⟨

(* The winding number is the unique invariant of a bounded open interval of $\widetilde{\mathbb{RP}}^1=\mathbb R$ under the action of $\widetilde{SL}(2,\mathbb R)$: for bounded open intervals $U,U'\subset\mathbb R$, there exists $\tilde A\in\widetilde{SL}(2,\mathbb R)$ with $\tilde A(U)=U'$ if and only if $W(U)=W(U')$.
   Context: Let $\pi:\mathbb R\to\mathbb{RP}^1$, $\pi(t)=[\cos t:\sin t]$, and $\bar\pi(t)=(\cos t,\sin t)\in S^1$. $SL(2,\mathbb R)$ acts on $S^1$ by $A\cdot v=Av/\|Av\|$. The universal cover $\widetilde{SL}(2,\mathbb R)$ is realized as the group of diffeomorphisms $\tilde A$ of $\mathbb R$ for which there exists $A\in SL(2,\mathbb R)$ with $\bar\pi\circ\tilde A=A\cdot\bar\pi$ (lifts of homographies of $\mathbb{RP}^1$). Winding number: for real numbers $a<b$, $W((a,b))=k$ if $b=a+k\pi$ with $k\in\mathbb N$, and $W((a,b))=k+\frac12$ if $a+k\pi<b<a+(k+1)\pi$ with $k\in\mathbb N=\{0,1,2,\dots\}$. *)

theory Defs
  imports "HOL-Analysis.Analysis"
begin

definition SL2 :: "(real^2^2) set" where
  "SL2 = {A. det A = 1}"

definition pibar :: "real \<Rightarrow> real^2" where
  "pibar t = vector [cos t, sin t]"

definition sl_act :: "real^2^2 \<Rightarrow> real^2 \<Rightarrow> real^2" where
  "sl_act A v = (1 / norm (A *v v)) *\<^sub>R (A *v v)"
(* Let $E$ and $F$ be Banach lattices such that the Fremlin tensor product $E\overline{\otimes}F$ is order complete. Let $\mathbf{B}=(B_\alpha)_{\alpha\in I}$ and $\mathbf{C}=(C_\beta)_{\beta\in J}$ be dense band decompositions of $E$ and $F$, respectively. Then the collection $\mathbf{A}=\{B_\alpha\widehat{\otimes}C_\beta:\alpha\in I,\beta\in J\}$ is a dense band decomposition of the Fremlin projective tensor product $E\widehat{\otimes}F$.
   Context: $E\overline{\otimes}F$ is Fremlin's Archimedean vector lattice tensor product (the vector lattice generated by $E\otimes F$ with the universal property for lattice bimorphisms), and $E\widehat{\otimes}F$ is Fremlin's projective tensor product, the Banach lattice completion of $E\overline{\otimes}F$ under the projective norm $\|\cdot\|_{|\pi|}$; $E\overline{\otimes}F$ is a norm dense vector sublattice of $E\widehat{\otimes}F$. For bands $B\subseteq E$, $C\subseteq F$, $B\widehat{\otimes}C$ denotes the norm closure in $E\widehat{\otimes}F$ of the vector sublattice generated by $B\otimes C$ (equivalently, the Fremlin projective tensor product of $B$ and $C$ sitting inside $E\widehat{\otimes}F$). A Banach lattice $G$ has a dense band decomposition if there is a family of pairwise disjoint projection bands of $G$ whose linear span is norm dense in $G$. *)

theory Defs
  imports "HOL-Analysis.Analysis"
begin

class banach_lattice = banach + lattice + ordered_real_vector +
  assumes norm_lattice_mono: "sup x (- x) \<le> sup y (- y) \<Longrightarrow> norm x \<le> norm y"

definition lat_abs :: "'a::{lattice, ab_group_add} \<Rightarrow> 'a" where
  "lat_abs x = sup x (- x)"

definition is_sup_in :: "'a::order set \<Rightarrow> 'a set \<Rightarrow> 'a \<Rightarrow> bool" where
  "is_sup_in M D s \<longleftrightarrow> s \<in> M \<and> (\<forall>d\<in>D. d \<le> s) \<and> (\<forall>u\<in>M. (\<forall>d\<in>D. d \<le> u) \<longrightarrow> s \<le> u)"

definition lat_disjoint :: "'a::{lattice, ab_group_add} \<Rightarrow> 'a \<Rightarrow> bool" where
  "lat_disjoint x y \<longleftrightarrow> inf (lat_abs x) (lat_abs y) = 0"
lemma dprob_le_scaled:
  assumes P: "is_density d P" and Q: "is_density d Q" and B: "B \<in> sets (cov_base d)"
    and k: "0 \<le> k" and le: "\<And>z. z \<in> B \<Longrightarrow> P z \<le> k * Q z"
  shows "dprob d P B \<le> k * dprob d Q B"
proof -
  interpret P: prob_space "dens_meas d P" using P by (simp add: is_density_def)
  interpret Q: prob_space "dens_meas d Q" using Q by (simp add: is_density_def)
  have [measurable]: "P \<in> borel_measurable (cov_base d)" "Q \<in> borel_measurable (cov_base d)"
    using P Q by (auto simp: is_density_def)
  have "ennreal (dprob d P B) = emeasure (dens_meas d P) B"
    by (simp add: P.emeasure_eq_measure)
  also have "\<dots> = (\<integral>\<^sup>+ z. ennreal (P z) * indicator B z \<partial>cov_base d)"
    unfolding dens_meas_def using B by (simp add: emeasure_density)
  also have "\<dots> \<le> (\<integral>\<^sup>+ z. ennreal k * (ennreal (Q z) * indicator B z) \<partial>cov_base d)"
  proof (intro nn_integral_mono)
    fix z
    show "ennreal (P z) * indicator B z \<le> ennreal k * (ennreal (Q z) * indicator B z)"
    proof (cases "z \<in> B")
      case True
      have "ennreal (P z) \<le> ennreal (k * Q z)" using le[OF True] by (rule ennreal_leI)
      also have "\<dots> \<le> ennreal k * ennreal (Q z)"
        using k by (cases "Q z \<ge> 0") (auto simp: ennreal_mult ennreal_neg[OF mult_nonneg_nonpos])
      finally show ?thesis using True by simp
    qed simp
  qed
  also have "\<dots> = ennreal k * emeasure (dens_meas d Q) B"
    unfolding dens_meas_def using B by (simp add: nn_integral_cmult emeasure_density)
  also have "\<dots> = ennreal k * ennreal (dprob d Q B)"
    by (simp add: Q.emeasure_eq_measure)
  also have "\<dots> = ennreal (k * dprob d Q B)"
    using k by (simp add: ennreal_mult)
  finally show ?thesis
    using k by simp
qed

lemma measure_diff_le_tv_dist:
  assumes "prob_space P" "prob_space Q" "sets Q = sets P" "A \<in> sets P"
  shows "\<bar>measure P A - measure Q A\<bar> \<le> tv_dist P Q"
proof -
  interpret P: prob_space P by fact
  interpret Q: prob_space Q by fact
  have "bdd_above ((\<lambda>A. \<bar>measure P A - measure Q A\<bar>) ` sets P)"
  proof (rule bdd_aboveI2)
    fix A show "\<bar>measure P A - measure Q A\<bar> \<le> 1"
      using P.prob_le_1[of A] Q.prob_le_1[of A] measure_nonneg[of P A] measure_nonneg[of Q A]
      unfolding abs_le_iff by linarith
  qed
  then show ?thesis
    unfolding tv_dist_def using assms(4) by (rule cSUP_upper2) simp
qed

lemma joint_mass_bounds_by_propensity:
  assumes propensity: "is_propensity d D t p"
    and f: "is_density d f" and marg: "marg d D t = dens_meas d f"
    and p_bounds: "\<And>z. z \<in> space (cov_base d) \<Longrightarrow> c \<le> p z \<and> p z \<le> 1 - c"
    and S: "S \<in> sets (cov_base d)"
  defines "g \<equiv> measure D {\<omega>\<in>space D. fst (snd \<omega>) = t \<and> xy_proj t \<omega> \<in> S}"
  shows "c * dprob d f S \<le> g \<and> g \<le> (1 - c) * dprob d f S"
proof -
  interpret F: prob_space "dens_meas d f" using f by (simp add: is_density_def)
  have [measurable]: "p \<in> borel_measurable (cov_base d)"
    using propensity by (simp add: is_propensity_def)
  have g: "g = (\<integral>z. indicator S z * p z \<partial>dens_meas d f)"
    using propensity S marg by (simp add: is_propensity_def g_def)
  have int: "integrable (dens_meas d f) (\<lambda>z. indicator S z * p z)"
    using p_bounds S
    by (intro F.integrable_const_bound[where B="\<bar>c\<bar> + \<bar>1 - c\<bar>"] AE_I2)
       (fastforce simp: indicator_def abs_le_iff dest!: p_bounds)+
  have ind: "integrable (dens_meas d f) (indicator S :: _ \<Rightarrow> real)"
    using S by (simp add: F.emeasure_eq_measure)
  have "c * dprob d f S = (\<integral>z. indicator S z * c \<partial>dens_meas d f)"
    using S by simp
  also have "\<dots> \<le> g"
    unfolding g using S
    by (intro integral_mono int integrable_mult_left ind) (auto simp: indicator_def dest!: p_bounds)
  finally have lower: "c * dprob d f S \<le> g" .
  have "g \<le> (\<integral>z. indicator S z * (1 - c) \<partial>dens_meas d f)"
    unfolding g using S
    by (intro integral_mono int integrable_mult_left ind) (auto simp: indicator_def dest!: p_bounds)
  also have "\<dots> = (1 - c) * dprob d f S"
    using S by simp
  finally show ?thesis using lower by simp
qed

(* The threshold is the band edge c/(2(1-c)) of Condition 4 inflated by 3/2, so that the true
   density may be replaced by a representative that is within a factor 3/2 of it. *)
definition test_region :: "nat \<Rightarrow> real \<Rightarrow> ((nat \<Rightarrow> real) \<times> real \<Rightarrow> real)
    \<Rightarrow> ((nat \<Rightarrow> real) \<times> real \<Rightarrow> real) \<Rightarrow> bool \<Rightarrow> ((nat \<Rightarrow> real) \<times> real) set" where
  "test_region d c P Q b =
     (if b then {z \<in> space (cov_base d). P z \<le> 3 * c / (4 * (1 - c)) * Q z}
      else {z \<in> space (cov_base d). Q z \<le> 3 * c / (4 * (1 - c)) * P z})"
section \<open>The character of \<open>\<int>\<^sub>k\<close>\<close>

lemma power_mod_exponent:
  assumes "(z :: 'a::monoid_mult) ^ p = 1"
  shows "z ^ (m mod p) = z ^ m"
proof -
  have "z ^ m = z ^ (p * (m div p) + m mod p)" by simp
  also have "\<dots> = z ^ (m mod p)" by (simp only: power_add power_mult assms power_one mult_1)
  finally show ?thesis by simp
qed

lemma to_int_mod_ring_bounds:
  "0 \<le> to_int_mod_ring (a :: 'k::nontriv mod_ring) \<and> to_int_mod_ring a < int CARD('k)"
  using range_to_int_mod_ring by (metis atLeastLessThan_iff rangeI)

lemma additive_char_chi_zk:
  assumes "\<zeta> ^ CARD('k) = 1"
  shows "additive_char (chi_zk \<zeta> :: 'k::nontriv mod_ring \<Rightarrow> complex)"
proof -
  have "nat (to_int_mod_ring (a + b)) = (nat (to_int_mod_ring a) + nat (to_int_mod_ring b)) mod CARD('k)"
    for a b :: "'k mod_ring"
    using to_int_mod_ring_bounds[of a] to_int_mod_ring_bounds[of b]
    by (simp add: to_int_mod_ring_add nat_mod_distrib nat_add_distrib)
  then show ?thesis
    using power_mod_exponent[OF assms] by (simp add: additive_char_def chi_zk_def power_add)
qed

lemma chi_zk_eq_1_iff:
  assumes "primitive_root_of_unity CARD('k) \<zeta>"
  shows "chi_zk \<zeta> (t :: 'k::nontriv mod_ring) = 1 \<longleftrightarrow> t = 0"
proof
  assume "chi_zk \<zeta> t = 1"
  moreover have "nat (to_int_mod_ring t) < CARD('k)"
    using to_int_mod_ring_bounds[of t] by linarith
  ultimately have "nat (to_int_mod_ring t) = 0"
    using assms unfolding chi_zk_def primitive_root_of_unity_def by (metis gr0I)
  then show "t = 0"
    using to_int_mod_ring_bounds[of t] to_int_mod_ring_hom.hom_0_iff by (metis nat_0_iff order_antisym)
qed (simp add: chi_zk_def)

section \<open>Coordinates in a finite field and its character\<close>

definition prime_subfield :: "'a::finite_field set" where
  "prime_subfield = range of_nat"

lemma of_nat_in_prime_subfield [simp]: "of_nat j \<in> prime_subfield"
  by (simp add: prime_subfield_def)

lemma zero_in_prime_subfield [simp]: "0 \<in> prime_subfield"
  using of_nat_in_prime_subfield[of 0] by simp

lemma one_in_prime_subfield [simp]: "1 \<in> prime_subfield"
  using of_nat_in_prime_subfield[of 1] by simp

lemma prime_subfield_add: "x \<in> prime_subfield \<Longrightarrow> y \<in> prime_subfield \<Longrightarrow> x + y \<in> prime_subfield"
  by (auto simp: prime_subfield_def simp flip: of_nat_add)

lemma prime_subfield_mult: "x \<in> prime_subfield \<Longrightarrow> y \<in> prime_subfield \<Longrightarrow> x * y \<in> prime_subfield"
  by (auto simp: prime_subfield_def simp flip: of_nat_mult)

lemma prime_subfield_uminus:
  assumes "x \<in> (prime_subfield :: 'a::finite_field set)"
  shows "- x \<in> prime_subfield"
proof -
  have "of_nat (CHAR('a) - 1) = (-1 :: 'a)"
    using CHAR_pos[where 'a = 'a] by (simp add: of_nat_diff Suc_le_eq)
  then have "- x = of_nat (CHAR('a) - 1) * x" by simp
  then show ?thesis
    using prime_subfield_mult[OF of_nat_in_prime_subfield assms] by simp
qed

lemma prime_subfield_diff: "x \<in> prime_subfield \<Longrightarrow> y \<in> prime_subfield \<Longrightarrow> x - y \<in> prime_subfield"
  using prime_subfield_add prime_subfield_uminus by (metis diff_conv_add_uminus)

lemma inverse_eq_power_card_minus_2:
  fixes x :: "'a::finite_field"
  assumes "x \<noteq> 0"
  shows "inverse x = x ^ (CARD('a) - 2)"
proof -
  have "CARD('a) \<ge> 2"
    using card_mono[of UNIV "{0, 1 :: 'a}"] by simp
  then obtain m where m: "CARD('a) = Suc (Suc m)"
    by (metis add_2_eq_Suc le_Suc_ex)
  have "(x ^ m * x) * x = 1 * x"
    using finite_field_power_card_eq_same[of x] by (simp add: m mult_ac)
  then have "x * x ^ m = 1" using assms by (simp add: mult_ac)
  then show ?thesis using m by (simp add: inverse_unique)
qed

lemma prime_subfield_inverse: "x \<in> prime_subfield \<Longrightarrow> inverse x \<in> prime_subfield"
  by (cases "x = 0")
    (auto simp: inverse_eq_power_card_minus_2 prime_subfield_def simp flip: of_nat_power)

lemma prime_subfield_eq: "(prime_subfield :: 'a::finite_field set) = of_nat ` {..<CHAR('a)}"
proof (intro equalityI subsetI)
  fix x :: 'a assume "x \<in> prime_subfield"
  then obtain j where "x = of_nat j"
    by (auto simp: prime_subfield_def)
  then show "x \<in> of_nat ` {..<CHAR('a)}"
    by (intro image_eqI[of _ _ "j mod CHAR('a)"]) simp_all
qed (auto simp: prime_subfield_def)

lemma inj_on_of_nat_CHAR: "inj_on (of_nat :: nat \<Rightarrow> 'a::semiring_1_cancel) {..<CHAR('a)}"
  by (rule inj_onI) (simp add: of_nat_eq_iff_cong_CHAR cong_def)

lemma card_prime_subfield: "card (prime_subfield :: 'a::finite_field set) = CHAR('a)"
  by (simp add: prime_subfield_eq card_image inj_on_of_nat_CHAR)

definition fp_span :: "'a::finite_field \<Rightarrow> nat \<Rightarrow> 'a set" where
  "fp_span lam k = {\<Sum>i<k. c i * lam ^ i | c. \<forall>i. c i \<in> prime_subfield}"

lemma fp_spanI: "\<forall>i. c i \<in> prime_subfield \<Longrightarrow> (\<Sum>i<k. c i * lam ^ i) \<in> fp_span lam k"
  unfolding fp_span_def by blast

lemma fp_span_0: "fp_span lam 0 = {0}"
  unfolding fp_span_def by (auto intro: exI[of _ "\<lambda>_. 0"])

lemma fp_span_add:
  assumes "x \<in> fp_span lam k" "y \<in> fp_span lam k"
  shows "x + y \<in> fp_span lam k"
proof -
  obtain c d where "\<forall>i. c i \<in> prime_subfield" "\<forall>i. d i \<in> prime_subfield"
    and "x = (\<Sum>i<k. c i * lam ^ i)" "y = (\<Sum>i<k. d i * lam ^ i)"
    using assms unfolding fp_span_def by blast
  then show ?thesis
    using fp_spanI[where c = "\<lambda>i. c i + d i" and k = k and lam = lam]
    by (simp add: prime_subfield_add distrib_right sum.distrib)
qed

lemma fp_span_smult:
  assumes "a \<in> prime_subfield" "x \<in> fp_span lam k"
  shows "a * x \<in> fp_span lam k"
proof -
  obtain c where "\<forall>i. c i \<in> prime_subfield" "x = (\<Sum>i<k. c i * lam ^ i)"
    using assms unfolding fp_span_def by blast
  then show ?thesis
    using fp_spanI[where c = "\<lambda>i. a * c i" and k = k and lam = lam] assms
    by (simp add: prime_subfield_mult sum_distrib_left mult.assoc)
qed

lemma fp_span_diff:
  assumes "x \<in> fp_span lam k" "y \<in> fp_span lam k"
  shows "x - y \<in> fp_span lam k"
proof -
  have "x + (- 1) * y \<in> fp_span lam k"
    using assms prime_subfield_uminus[OF one_in_prime_subfield] by (intro fp_span_add fp_span_smult)
  then show ?thesis by simp
qed

lemma power_in_fp_span:
  assumes "i < k"
  shows "lam ^ i \<in> fp_span lam k"
proof -
  have "(\<Sum>j<k. (if j = i then 1 else 0) * lam ^ j) = (\<Sum>j<k. if j = i then lam ^ j else 0)"
    by (rule sum.cong) auto
  then show ?thesis
    using assms fp_spanI[where c = "\<lambda>j. if j = i then 1 else 0" and k = k and lam = lam] by simp
qed

lemma fp_span_Suc: "fp_span lam (Suc k) = (\<lambda>(v, a). v + a * lam ^ k) ` (fp_span lam k \<times> prime_subfield)"
proof (intro equalityI subsetI)
  fix x assume "x \<in> fp_span lam (Suc k)"
  then obtain c where c: "\<forall>i. c i \<in> prime_subfield" "x = (\<Sum>i<k. c i * lam ^ i) + c k * lam ^ k"
    unfolding fp_span_def by auto
  then show "x \<in> (\<lambda>(v, a). v + a * lam ^ k) ` (fp_span lam k \<times> prime_subfield)"
    using fp_spanI[OF c(1)] by (intro image_eqI[of _ _ "(\<Sum>i<k. c i * lam ^ i, c k)"]) simp_all
next
  fix x assume "x \<in> (\<lambda>(v, a). v + a * lam ^ k) ` (fp_span lam k \<times> prime_subfield)"
  then obtain c a where c: "\<forall>i. c i \<in> prime_subfield" "a \<in> prime_subfield"
    and x: "x = (\<Sum>i<k. c i * lam ^ i) + a * lam ^ k"
    unfolding fp_span_def by auto
  have "(\<Sum>i<k. (c(k := a)) i * lam ^ i) = (\<Sum>i<k. c i * lam ^ i)"
    by (rule sum.cong) auto
  then have x_eq: "x = (\<Sum>i<Suc k. (c(k := a)) i * lam ^ i)"
    using x by simp
  have "\<forall>i. (c(k := a)) i \<in> prime_subfield"
    using c by simp
  then show "x \<in> fp_span lam (Suc k)"
    unfolding x_eq by (rule fp_spanI)
qed

lemma mult_fp_span: "v \<in> fp_span lam k \<Longrightarrow> lam * v \<in> fp_span lam (Suc k)"
proof -
  assume "v \<in> fp_span lam k"
  then obtain c where c: "\<forall>i. c i \<in> prime_subfield" "v = (\<Sum>i<k. c i * lam ^ i)"
    unfolding fp_span_def by blast
  define d where "d j = (if j = 0 then 0 else c (j - 1))" for j
  have "lam * v = (\<Sum>i<Suc k. d i * lam ^ i)"
    unfolding sum.lessThan_Suc_shift by (simp add: d_def c(2) sum_distrib_left mult_ac)
  moreover have "\<forall>i. d i \<in> prime_subfield"
    using c(1) by (simp add: d_def)
  ultimately show ?thesis
    using fp_spanI[where c = d and k = "Suc k" and lam = lam] by simp
qed

lemma fp_span_Suc_unique:
  fixes lam :: "'a::finite_field"
  assumes notin: "lam ^ k \<notin> fp_span lam k"
    and v: "v \<in> fp_span lam k" "v' \<in> fp_span lam k" and a: "a \<in> prime_subfield" "a' \<in> prime_subfield"
    and eq: "v + a * lam ^ k = v' + a' * lam ^ k"
  shows "a = a' \<and> v = v'"
proof (cases "a = a'")
  case False
  have "(a - a') * lam ^ k = v' - v"
    using eq by (simp add: algebra_simps)
  then have "inverse (a - a') * (v' - v) = (inverse (a - a') * (a - a')) * lam ^ k"
    by (simp only: mult.assoc)
  with False have "lam ^ k = inverse (a - a') * (v' - v)"
    by simp
  moreover have "inverse (a - a') * (v' - v) \<in> fp_span lam k"
    using v a by (intro fp_span_smult prime_subfield_inverse prime_subfield_diff fp_span_diff)
  ultimately show ?thesis using notin by simp
qed (use eq in simp)

lemma card_fp_span_Suc:
  fixes lam :: "'a::finite_field"
  assumes "lam ^ k \<notin> fp_span lam k"
  shows "card (fp_span lam (Suc k)) = card (fp_span lam k) * CHAR('a)"
proof -
  have "inj_on (\<lambda>(v, a). v + a * lam ^ k) (fp_span lam k \<times> prime_subfield)"
    by (intro inj_onI) (clarsimp simp: fp_span_Suc_unique[OF assms])
  then show ?thesis
    by (simp add: fp_span_Suc card_image card_cartesian_product card_prime_subfield)
qed

lemma fp_span_eq_UNIV:
  assumes lam: "primitive_element lam" and "0 < k" and closed: "lam ^ k \<in> fp_span lam k"
  shows "fp_span lam k = UNIV"
proof -
  have mult_closed: "lam * v \<in> fp_span lam k" if v: "v \<in> fp_span lam k" for v
  proof -
    obtain v' a where v': "v' \<in> fp_span lam k" and a: "a \<in> prime_subfield"
      and eq: "lam * v = v' + a * lam ^ k"
      using mult_fp_span[OF v] unfolding fp_span_Suc by auto
    show ?thesis
      unfolding eq by (intro fp_span_add v' fp_span_smult a closed)
  qed
  have powers: "lam ^ j \<in> fp_span lam k" for j
  proof (induction j)
    case 0
    show ?case by (rule power_in_fp_span[OF \<open>0 < k\<close>])
  next
    case (Suc j)
    show ?case unfolding power_Suc by (rule mult_closed[OF Suc])
  qed
  have "x \<in> fp_span lam k" for x
  proof (cases "x = 0")
    case True
    then show ?thesis using fp_spanI[of "\<lambda>_. 0" lam k] by simp
  next
    case False
    then obtain i where "x = lam ^ i" using lam unfolding primitive_element_def by blast
    then show ?thesis using powers by simp
  qed
  then show ?thesis by blast
qed

definition fp_degree :: "'a::finite_field \<Rightarrow> nat" where
  "fp_degree lam = (LEAST k. lam ^ k \<in> fp_span lam k)"

lemma card_fp_span:
  fixes lam :: "'a::finite_field"
  assumes "\<And>j. j < k \<Longrightarrow> lam ^ j \<notin> fp_span lam j"
  shows "card (fp_span lam k) = CHAR('a) ^ k"
  using assms by (induction k) (simp_all add: fp_span_0 card_fp_span_Suc)

lemma ex_power_in_fp_span: "\<exists>k. (lam :: 'a::finite_field) ^ k \<in> fp_span lam k"
proof (rule ccontr)
  assume "\<not> ?thesis"
  then have "card (fp_span lam CARD('a)) = CHAR('a) ^ CARD('a)"
    by (intro card_fp_span) blast
  moreover have "CARD('a) < CHAR('a) ^ CARD('a)"
    using less_exp[of "CARD('a)"] power_mono[of 2 "CHAR('a)" "CARD('a)"]
      prime_ge_2_nat[OF CHAR_prime[where 'a = 'a]] by linarith
  ultimately show False
    using card_mono[of UNIV "fp_span lam CARD('a)"] by simp
qed

lemma power_fp_degree_in_fp_span: "lam ^ fp_degree lam \<in> fp_span lam (fp_degree lam)"
  unfolding fp_degree_def using ex_power_in_fp_span by (rule LeastI_ex)

lemma power_notin_fp_span: "k < fp_degree lam \<Longrightarrow> lam ^ k \<notin> fp_span lam k"
  unfolding fp_degree_def by (rule not_less_Least)

lemma fp_degree_pos: "0 < fp_degree lam"
  using power_fp_degree_in_fp_span[of lam] by (cases "fp_degree lam") (simp_all add: fp_span_0)

lemma fp_span_fp_degree: "primitive_element lam \<Longrightarrow> fp_span lam (fp_degree lam) = UNIV"
  by (rule fp_span_eq_UNIV[OF _ fp_degree_pos power_fp_degree_in_fp_span])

⟩

*THE PROBLEM*
Output the lines above between the one holding "using k by simp" and the one holding "using propensity by", inclusive, with nothing before or after them.

*RESULT BELOW*
    using k by simp
qed

lemma measure_diff_le_tv_dist:
  assumes "prob_space P" "prob_space Q" "sets Q = sets P" "A \<in> sets P"
  shows "\<bar>measure P A - measure Q A\<bar> \<le> tv_dist P Q"
proof -
  interpret P: prob_space P by fact
  interpret Q: prob_space Q by fact
  have "bdd_above ((\<lambda>A. \<bar>measure P A - measure Q A\<bar>) ` sets P)"
  proof (rule bdd_aboveI2)
    fix A show "\<bar>measure P A - measure Q A\<bar> \<le> 1"
      using P.prob_le_1[of A] Q.prob_le_1[of A] measure_nonneg[of P A] measure_nonneg[of Q A]
      unfolding abs_le_iff by linarith
  qed
  then show ?thesis
    unfolding tv_dist_def using assms(4) by (rule cSUP_upper2) simp
qed

lemma joint_mass_bounds_by_propensity:
  assumes propensity: "is_propensity d D t p"
    and f: "is_density d f" and marg: "marg d D t = dens_meas d f"
    and p_bounds: "\<And>z. z \<in> space (cov_base d) \<Longrightarrow> c \<le> p z \<and> p z \<le> 1 - c"
    and S: "S \<in> sets (cov_base d)"
  defines "g \<equiv> measure D {\<omega>\<in>space D. fst (snd \<omega>) = t \<and> xy_proj t \<omega> \<in> S}"
  shows "c * dprob d f S \<le> g \<and> g \<le> (1 - c) * dprob d f S"
proof -
  interpret F: prob_space "dens_meas d f" using f by (simp add: is_density_def)
  have [measurable]: "p \<in> borel_measurable (cov_base d)"
    using propensity by (simp add: is_propensity_def)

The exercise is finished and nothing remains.